2.1.8    To increase the ability of independent funeral homes to compete with the class of publicly-owned funeral homes.


2.2    Relationship with Golden Services Group. It is the stated purpose of OGR to provide to its members the finest association benefits available.  The Golden Services Group, a Delaware corporation, was created for the purpose of providing goods and services to the members of OGR.  To that end, it is acknowledged that the Golden Services Group and OGR are irretrievably linked, in purpose and in fact, and are subject to the same direction and control.  It is acknowledged that the governance of OGR and of the Golden Services Group may be continually interlocked through the appointment of the same Directors, Officers and personnel to positions of responsibility in both organizations.

ARTICLE III – MEMBERSHIP

3.1 Classifications. Membership shall consist of seven classifications, three of which are voting: Regular, Affiliate, and International; and four of which are non-voting:  Auxiliary, Supplier, Emeritus and Academic.

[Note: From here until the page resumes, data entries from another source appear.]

(* The $k$-linear category $k[\Delta_{\mathrm{inj}}]$ is free as a left and as a right $u_\Delta(\Omega)$-module, where $u_\Delta(\Omega)$ denotes the image of the $k$-linear functor $u_\Delta\colon\Omega\to k[\Delta_{\mathrm{inj}}]$.
   Context: Let $k$ be a field. For a small category $\mathcal C$, $k[\mathcal C]$ is its $k$-linearization: same objects, $k[\mathcal C](x,y)$ the $k$-vector space with basis $\mathrm{Hom}_{\mathcal C}(x,y)$, composition extended bilinearly. $\Delta_{\mathrm{inj}}$ is the category with objects $[n]=\{0<1<\dots<n\}$, $n\ge 0$, and injective order-preserving maps as morphisms; for $0\le i\le n$, $\delta^i\colon[n-1]\to[n]$ is the injective order-preserving map omitting $i$. $\Omega$ is the $k$-linear category with objects $[n]$, $n\ge0$, generated by arrows $d_n\colon[n-1]\to[n]$ for $n\ge1$ subject only to the relations $d_{n+1}d_n=0$. The $k$-linear functor $u_\Delta\colon\Omega\to k[\Delta_{\mathrm{inj}}]$ is the identity on objects and sends $d_n\mapsto\sum_{i=0}^n(-1)^i\delta^i$. *)

theory Defs
  imports Main "HOL-Library.Function_Algebras"
begin

text \<open>A morphism [m] -> [n] of Delta_inj is an injective order-preserving map
  {0..m} -> {0..n}, represented canonically as a function nat => nat that is
  strictly monotone on {0..m}, maps {0..m} into {0..n}, and is 0 outside {0..m}.\<close>

definition hom_inj :: "nat \<Rightarrow> nat \<Rightarrow> (nat \<Rightarrow> nat) set" where
  "hom_inj m n = {g. strict_mono_on {0..m} g \<and> g ` {0..m} \<subseteq> {0..n} \<and> (\<forall>i>m. g i = 0)}"

definition cmp :: "nat \<Rightarrow> (nat \<Rightarrow> nat) \<Rightarrow> (nat \<Rightarrow> nat) \<Rightarrow> (nat \<Rightarrow> nat)" where
  "cmp m h g = (\<lambda>i. if i \<le> m then h (g i) else 0)"

text \<open>k[Delta_inj]([m],[n]): k-valued functions supported on hom_inj m n
  (formal k-linear combinations of morphisms; hom sets are finite).\<close>
definition klin :: "nat \<Rightarrow> nat \<Rightarrow> ((nat \<Rightarrow> nat) \<Rightarrow> 'k::field) set" where
  "klin m n = {v. \<forall>g. g \<notin> hom_inj m n \<longrightarrow> v g = 0}"

definition kcomp :: "nat \<Rightarrow> nat \<Rightarrow> nat \<Rightarrow> ((nat \<Rightarrow> nat) \<Rightarrow> 'k::field)
    \<Rightarrow> ((nat \<Rightarrow> nat) \<Rightarrow> 'k) \<Rightarrow> ((nat \<Rightarrow> nat) \<Rightarrow> 'k)" where
  "kcomp m n p w v = (\<lambda>h. \<Sum>(g', g) \<in> hom_inj n p \<times> hom_inj m n.
       if cmp m g' g = h then w g' * v g else 0)"

definition kid :: "nat \<Rightarrow> ((nat \<Rightarrow> nat) \<Rightarrow> 'k::field)" where
  "kid m = (\<lambda>h. if h = (\<lambda>i. if i \<le> m then i else 0) then 1 else 0)"

definition coface :: "nat \<Rightarrow> nat \<Rightarrow> (nat \<Rightarrow> nat)" where
  "coface n i = (\<lambda>j. if j \<le> n - 1 then (if j < i then j else Suc j) else 0)"

text \<open>u_Delta(d_n) = sum_{i=0}^n (-1)^i delta^i, an element of k[Delta_inj]([n-1],[n]).\<close>
definition uD :: "nat \<Rightarrow> ((nat \<Rightarrow> nat) \<Rightarrow> 'k::field)" where
  "uD n = (\<lambda>h. \<Sum>i\<in>{0..n}. if h = coface n i then (-1) ^ i else 0)"

text \<open>Image under u_Delta of the unique path d_{m+l} ... d_{m+1} : [m] -> [m+l] in Omega.\<close>
fun upath :: "nat \<Rightarrow> nat \<Rightarrow> ((nat \<Rightarrow> nat) \<Rightarrow> 'k::field)" where
  "upath m 0 = kid m"
| "upath m (Suc l) = kcomp m (m + l) (m + l + 1) (uD (m + l + 1)) (upath m l)"

text \<open>Since Omega([m],[n]) is spanned by the class of
  the unique path of generators from [m] to [n] (and is 0 if m > n), its image under the
  k-linear functor u_Delta is the k-span of u_Delta of that path.\<close>
definition uimg :: "nat \<Rightarrow> nat \<Rightarrow> ((nat \<Rightarrow> nat) \<Rightarrow> 'k::field) set" where
  "uimg m n = (if m \<le> n then {(\<lambda>h. c * upath m (n - m) h) | c. True} else {\<lambda>h. 0})"

text \<open>M is free as a left A-module (action act x a z alpha b = alpha \<circ> b for
  b in M(x,a), alpha in A(a,z)): for every source x there is a set G x of homogeneous
  generators (a,b), b in M(x,a), such that every f in M(x,z) is uniquely a finite sum
  of alpha_g \<circ> b_g with alpha_g in A(a_g,z).\<close>
definition free_left ::
  "(nat \<Rightarrow> nat \<Rightarrow> 'v::ab_group_add set) \<Rightarrow> (nat \<Rightarrow> nat \<Rightarrow> 'v set)
     \<Rightarrow> (nat \<Rightarrow> nat \<Rightarrow> nat \<Rightarrow> 'v \<Rightarrow> 'v \<Rightarrow> 'v) \<Rightarrow> bool" where
  "free_left A M act \<longleftrightarrow> (\<exists>G :: nat \<Rightarrow> (nat \<times> 'v) set. \<forall>x.
     (\<forall>(a, b) \<in> G x. b \<in> M x a) \<and>
     (\<forall>z. \<forall>f \<in> M x z. \<exists>!\<alpha>.
        (\<forall>g \<in> G x. \<alpha> g \<in> A (fst g) z) \<and> (\<forall>g. g \<notin> G x \<longrightarrow> \<alpha> g = 0) \<and>
        finite {g \<in> G x. \<alpha> g \<noteq> 0} \<and>
        f = (\<Sum>g \<in> {g \<in> G x. \<alpha> g \<noteq> 0}. act x (fst g) z (\<alpha> g) (snd g))))"

text \<open>M is free as a right A-module (action b \<circ> alpha for b in M(a,z), alpha in A(x,a)).\<close>
definition free_right ::
  "(nat \<Rightarrow> nat \<Rightarrow> 'v::ab_group_add set) \<Rightarrow> (nat \<Rightarrow> nat \<Rightarrow> 'v set)
     \<Rightarrow> (nat \<Rightarrow> nat \<Rightarrow> nat \<Rightarrow> 'v \<Rightarrow> 'v \<Rightarrow> 'v) \<Rightarrow> bool" where
  "free_right A M act \<longleftrightarrow> (\<exists>G :: nat \<Rightarrow> (nat \<times> 'v) set. \<forall>z.
     (\<forall>(a, b) \<in> G z. b \<in> M a z) \<and>
     (\<forall>x. \<forall>f \<in> M x z. \<exists>!\<alpha>.
        (\<forall>g \<in> G z. \<alpha> g \<in> A x (fst g)) \<and> (\<forall>g. g \<notin> G z \<longrightarrow> \<alpha> g = 0) \<and>
        finite {g \<in> G z. \<alpha> g \<noteq> 0} \<and>
        f = (\<Sum>g \<in> {g \<in> G z. \<alpha> g \<noteq> 0}. act x (fst g) z (snd g) (\<alpha> g))))"

end

theory Submission
  imports Defs "HOL-Library.Disjoint_Sets"
begin

text \<open>Because \<open>\<partial>\<partial> = 0\<close> for \<open>\<partial> = \<Sum>i. (-1)^i \<delta>\<^sup>i\<close> (a consequence of the simplicial
  identities), \<open>u\<^sub>\<Delta>(\<Omega>)([a],[z])\<close> is spanned by the identity if \<open>a = z\<close>, by \<open>\<partial>\<close> if
  \<open>a + 1 = z\<close>, and is zero otherwise. Freeness therefore amounts to exhibiting, inside each
  \<open>k[\<Delta>\<^sub>i\<^sub>n\<^sub>j]([x],[z])\<close>, a basis that is unitriangular with respect to the morphisms.

  For the left structure the generators are the morphisms \<open>g\<close> with \<open>g(0)\<close> even. A morphism
  \<open>h\<close> with \<open>h(0)\<close> odd is \<open>\<delta>\<^sup>0 q\<close> for a unique \<open>q\<close> with \<open>q(0)\<close> even, and \<open>\<partial> q\<close> is \<open>\<delta>\<^sup>0 q\<close> plus
  morphisms whose value at \<open>0\<close> is \<open>q(0)\<close>: indeed \<open>\<delta>\<^sup>i q = \<delta>\<^sup>0 q\<close> for \<open>i \<le> q(0)\<close>, and these
  \<open>q(0) + 1\<close> alternating signs add up to \<open>1\<close>. For the right structure the generators are the
  \<open>g\<close> with \<open>g(0) = 0\<close>; a morphism \<open>h\<close> with \<open>h(0) \<noteq> 0\<close> is \<open>q \<delta>\<^sup>0\<close> with \<open>q(0) = 0\<close>, and \<open>q \<partial>\<close> is
  \<open>q \<delta>\<^sup>0\<close> plus morphisms vanishing at \<open>0\<close>.\<close>

section \<open>Morphisms of \<open>\<Delta>\<^sub>i\<^sub>n\<^sub>j\<close>\<close>

lemma hom_inj_finite: "finite (hom_inj m n)"
proof -
  let ?fun_of = "\<lambda>l i. if i \<le> m then l ! i else 0"
  have "hom_inj m n \<subseteq> ?fun_of ` {l. set l \<subseteq> {0..n} \<and> length l = Suc m}"
  proof
    fix g assume g: "g \<in> hom_inj m n"
    let ?l = "map g [0..<Suc m]"
    have "g = ?fun_of ?l"
      using g unfolding hom_inj_def by (auto simp: fun_eq_iff simp del: upt_Suc)
    moreover have "set ?l \<subseteq> {0..n} \<and> length ?l = Suc m"
      using g unfolding hom_inj_def by (auto simp: image_subset_iff simp del: upt_Suc)
    ultimately show "g \<in> ?fun_of ` {l. set l \<subseteq> {0..n} \<and> length l = Suc m}"
      by blast
  qed
  moreover have "finite {l. set l \<subseteq> {0..n} \<and> length l = Suc m}"
    using finite_lists_length_eq[of "{0..n}" "Suc m"] by simp
  ultimately show ?thesis
    using finite_subset by blast
qed

lemma hom_injI:
  assumes "\<And>i j. i < j \<Longrightarrow> j \<le> m \<Longrightarrow> g i < g j" and "\<And>i. i \<le> m \<Longrightarrow> g i \<le> n"
    and "\<And>i. m < i \<Longrightarrow> g i = 0"
  shows "g \<in> hom_inj m n"
  using assms unfolding hom_inj_def strict_mono_on_def by auto

lemma hom_inj_less: "g \<in> hom_inj m n \<Longrightarrow> i < j \<Longrightarrow> j \<le> m \<Longrightarrow> g i < g j"
  unfolding hom_inj_def strict_mono_on_def by auto

lemma hom_inj_le_mono: "g \<in> hom_inj m n \<Longrightarrow> i \<le> j \<Longrightarrow> j \<le> m \<Longrightarrow> g i \<le> g j"
  using hom_inj_less[of g m n i j] by (cases "i = j") auto

lemma hom_inj_le_target: "g \<in> hom_inj m n \<Longrightarrow> i \<le> m \<Longrightarrow> g i \<le> n"
  unfolding hom_inj_def by (auto simp: image_subset_iff)

lemma hom_inj_outside: "g \<in> hom_inj m n \<Longrightarrow> m < i \<Longrightarrow> g i = 0"
  unfolding hom_inj_def by auto

lemma hom_inj_eqI:
  "g \<in> hom_inj m n \<Longrightarrow> g' \<in> hom_inj m n' \<Longrightarrow> (\<And>i. i \<le> m \<Longrightarrow> g i = g' i) \<Longrightarrow> g = g'"
  unfolding hom_inj_def by (auto simp: fun_eq_iff) (metis not_le)

lemma cmp_hom_inj: "g \<in> hom_inj m n \<Longrightarrow> g' \<in> hom_inj n p \<Longrightarrow> cmp m g' g \<in> hom_inj m p"
  unfolding hom_inj_def cmp_def strict_mono_on_def by (auto simp: subset_iff)

definition id_inj :: "nat \<Rightarrow> nat \<Rightarrow> nat" where
  "id_inj m = (\<lambda>i. if i \<le> m then i else 0)"

lemma id_inj_hom_inj: "id_inj m \<in> hom_inj m m"
  unfolding hom_inj_def id_inj_def strict_mono_on_def by auto

lemma cmp_id_inj_right: "g \<in> hom_inj m n \<Longrightarrow> cmp m g (id_inj m) = g"
  unfolding cmp_def id_inj_def hom_inj_def by (auto simp: fun_eq_iff)

lemma cmp_id_inj_left: "g \<in> hom_inj m n \<Longrightarrow> cmp m (id_inj n) g = g"
  unfolding cmp_def id_inj_def hom_inj_def by (auto simp: fun_eq_iff image_subset_iff)

lemma coface_hom_inj: "0 < n \<Longrightarrow> coface n i \<in> hom_inj (n - 1) n"
  unfolding coface_def hom_inj_def strict_mono_on_def by auto

lemma cmp_coface_coface:
  assumes "i < j" "j \<le> Suc (Suc m)"
  shows "cmp m (coface (Suc (Suc m)) j) (coface (Suc m) i)
       = cmp m (coface (Suc (Suc m)) i) (coface (Suc m) (j - 1))"
  using assms unfolding cmp_def coface_def by (auto simp: fun_eq_iff)

section \<open>The linearization and the image of \<open>\<Omega>\<close>\<close>

definition kbasis :: "'a \<Rightarrow> 'a \<Rightarrow> 'k::zero_neq_one" where
  "kbasis g = (\<lambda>h. if h = g then 1 else 0)"

lemma kbasis_eq_iff: "kbasis g = (kbasis g' :: 'a \<Rightarrow> 'k::zero_neq_one) \<longleftrightarrow> g = g'"
  unfolding kbasis_def by (metis zero_neq_one)

lemma sum_mult_kbasis:
  "finite P \<Longrightarrow> (\<Sum>p\<in>P. c p * kbasis p h) = (if h \<in> P then c h else (0::'k::semiring_1))"
  unfolding kbasis_def by (simp add: if_distrib[of "\<lambda>x. _ * x"] sum.delta cong: if_cong)

lemma kbasis_klin: "g \<in> hom_inj m n \<Longrightarrow> kbasis g \<in> klin m n"
  unfolding kbasis_def klin_def by auto

lemma kid_eq_kbasis: "kid m = kbasis (id_inj m)"
  unfolding kid_def kbasis_def id_inj_def by simp

lemma kcomp_apply:
  "kcomp m n p w v h
     = (\<Sum>g'\<in>hom_inj n p. \<Sum>g\<in>hom_inj m n. w g' * v g * kbasis (cmp m g' g) h)"
  unfolding kcomp_def kbasis_def sum.cartesian_product by (auto intro!: sum.cong)

lemma kcomp_klin: "kcomp m n p w v \<in> klin m p"
  unfolding klin_def kcomp_apply kbasis_def using cmp_hom_inj by (fastforce intro!: sum.neutral)

lemma kcomp_kbasis_right:
  assumes "g \<in> hom_inj m n"
  shows "kcomp m n p w (kbasis g) h = (\<Sum>g'\<in>hom_inj n p. w g' * kbasis (cmp m g' g) h)"
  unfolding kcomp_apply
proof (rule sum.cong[OF refl])
  fix g'
  have "(\<Sum>f\<in>hom_inj m n. w g' * kbasis g f * kbasis (cmp m g' f) h)
      = (\<Sum>f\<in>hom_inj m n. if f = g then w g' * kbasis (cmp m g' g) h else 0)"
    by (rule sum.cong) (auto simp: kbasis_def)
  then show "(\<Sum>f\<in>hom_inj m n. w g' * kbasis g f * kbasis (cmp m g' f) h)
      = w g' * kbasis (cmp m g' g) h"
    using assms hom_inj_finite by (simp add: sum.delta)
qed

There shall be a separate, non-voting classification for Members Not in Good Standing.
3.1.1    Regular Membership: the single funeral home location designated by management as their primary business location.  Within the classification of Regular Membership shall be two sub-classes, Exclusive and Non-Exclusive as defined by the board from time to time.
3.1.2    Affiliate Membership: additional funeral home locations with the same ownership as the main location.
3.1.3    International Membership: funeral establishments located outside the United States and Canada.
3.1.4    Auxiliary Membership: individuals formerly affiliated with OGR member firms who are no longer participating in the funeral profession.
3.1.5    Supplier Membership: any person or firm engaged in selling products or services to OGR members.
    
3.1.6    Emeritus Membership: person who has made an extraordinary contribution to the advancement of the purposes of OGR in the opinion of and by unanimous vote of the Board.
3.1.7    Academic Memberships:
    
3.1.7.1    Student Membership: mortuary science students
3.1.7.2    Educator Membership:  non-member educators, researchers, and academics engaged in the study, but not the practice of mortuary science.
3.2    Eligibility.
    
3.2.1    Regular, Affiliate and International Memberships.  In order to be considered for membership in OGR, a firm shall have been in business for a period of not less than two (2) years. In the best interest of the provision of a quality service by members of OGR to the public we serve, the Board of Directors may, with the approval of two-thirds of those Board members present and voting, suspend the two-year requirement.
3.2.1.1    Membership in OGR shall generally be limited to entities which are independently owned. Entities that may be excluded from membership in OGR, at the sole discretion of the OGR Board of Directors, include:
•    Entities that are publicly held (i.e., firms in which interests are traded on an established securities market) or whose management or control is in or by such publicly held entities, or persons affiliated with such entities.
•    Entities in which management control is held by a private equity firm or firms (i.e., firms which, through their own capital or capital raised from investors, invests in companies not publicly held).
3.2.1.2    All eligible locations that are owned and managed by the same firm within 100 miles from the main member firm may be considered for and be brought into membership as Affiliate members. Volume shall be computed by totaling the number of cases in all locations, provided that any location refused membership or not eligible for membership shall not be included in the computation.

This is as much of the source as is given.